Home Update Number Two
As well as a life update because I just over all needed to have a little vent session & hopefully it can help some of you all out with anything you are dealing with or going through at the moment. It has been 7 months since Spencer and I moved into our house & it is something that will always be a work in progress I have learned, like a relationship. I was pushing to get so much done before having a house warming party I realized I just needed to have it because I will always be changing something! Change is literally the only constant we are presented in life and I have learned very quickly at 25 that if you don’t embrace and roll with these changes they will swallow you up.
Owning our first home and with the new change of my career in the past 6 months life has simply been a whirlwind but in a good way but also in a way that has taught me so much about myself. I was definitely always one of those girls who felt very grounded and that I knew what I wanted in life and what I stood for etc. Well the last year has shown me I don’t know anything, yes I am a confident person who semi knows what I want to do with my life next but I never in a million years thought I would be loving a sales career or a career in recruiting. As well as I never imagine to be 25 in a committed relationship, owning a house, and three dogs with someone. One thing I want to bring to light though is no matter how positive I am and how positive I choose to think and live my life, I have those dark days too where I am struggling and feel like the whole world is against me. There are days I just want cry and I am learning that that is OK and completely normal to have these ups and downs in life.
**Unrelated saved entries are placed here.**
lemma total_recursive_length_code:
  assumes "total_recursive n f"
  shows "total_recursive n (\<lambda>xs. length_code (f xs))"
proof -
  have "rec_nat 0 (\<lambda>i l. l + of_bool (0 < drop_code i y)) m = (\<Sum>i<m. of_bool (drop_code i y \<noteq> 0))"
    for y m :: nat
    by (induction m) auto
  then have rec: "rec_nat 0 (\<lambda>i l. l + of_bool (0 < drop_code i y)) y = length_code y" for y
    unfolding length_code_def .
  have step: "total_recursive 3 (\<lambda>zs. zs ! 1 + of_bool (drop_code (zs ! 0) (zs ! 2) \<noteq> 0))"
    using decidable_not[OF decidable_eq_0[OF total_recursive_drop_code]]
    by (intro total_recursive_add total_recursive_proj)
       (simp_all add: decidable_def total_recursive_proj)
  have "total_recursive 1 (\<lambda>xs. length_code (xs ! 0))"
    by (rule total_recursive_rec_nat[where b="\<lambda>_. 0" and c="\<lambda>xs. xs ! 0"
          and g="\<lambda>zs. zs ! 1 + of_bool (drop_code (zs ! 0) (zs ! 2) \<noteq> 0)"])
       (use step in \<open>simp_all add: rec total_recursive_const total_recursive_proj numeral_3_eq_3\<close>)
  from total_recursive_comp1[OF this assms] show ?thesis by simp
qed

lemma decidable_prefix_code:
  assumes "total_recursive n f" and "total_recursive n g"
  shows "decidable n (\<lambda>xs. prefix_code (f xs) (g xs))"
proof -
  have "decidable (Suc 2) (\<lambda>zs. drop_code (zs ! 0) (zs ! 1) \<noteq> 0 \<longrightarrow>
      drop_code (zs ! 0) (zs ! 2) \<noteq> 0 \<and>
      drop_code (zs ! 0) (zs ! 1) mod 2 = drop_code (zs ! 0) (zs ! 2) mod 2)"
    by (intro decidable_imp decidable_conj decidable_not decidable_eq_0 decidable_eq
          total_recursive_mod_2 total_recursive_drop_code total_recursive_proj) simp_all
  from decidable_all_less[OF this total_recursive_proj[of 0 2, simplified]]
  have "decidable 2 (\<lambda>xs. prefix_code (xs ! 0) (xs ! 1))"
    unfolding prefix_code_def by (rule decidable_cong) simp
  from decidable_comp2[OF this assms] show ?thesis
    by simp
qed

lemma decidable_sublist_code:
  assumes "total_recursive n f" and "total_recursive n g"
  shows "decidable n (\<lambda>xs. sublist_code (f xs) (g xs))"
proof -
  have "decidable (Suc 2) (\<lambda>zs. prefix_code (zs ! 1) (drop_code (zs ! 0) (zs ! 2)))"
    by (intro decidable_prefix_code total_recursive_drop_code total_recursive_proj) simp_all
  from decidable_ex_less[OF this total_recursive_Suc[OF total_recursive_proj[of 1 2, simplified]]]
  have "decidable 2 (\<lambda>xs. sublist_code (xs ! 0) (xs ! 1))"
    unfolding sublist_code_def by (rule decidable_cong) simp
  from decidable_comp2[OF this assms] show ?thesis
    by simp
qed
For so long I think I was only focused on the highs of life and not understanding how much we grow as individuals from the lows we experience. 7 months later and is my house completed exactly how I want it to be? Nope & that’s ok. Is everyday the most amazing day at work ever? Nope & again that is OK. Am I starting to push myself in ways I never imagined and learn more about myself in my professional & personal life? Yes & that is more than okay because you are open to these constant changes that make life fun. I am a big believer in that things truly do happen in life for a reason, even the ones we don’t want to deal with, so learn something from it and you will be just fine.
Since I didn’t really share any house updates specifically in this post please feel free to comment on any of the photos I share!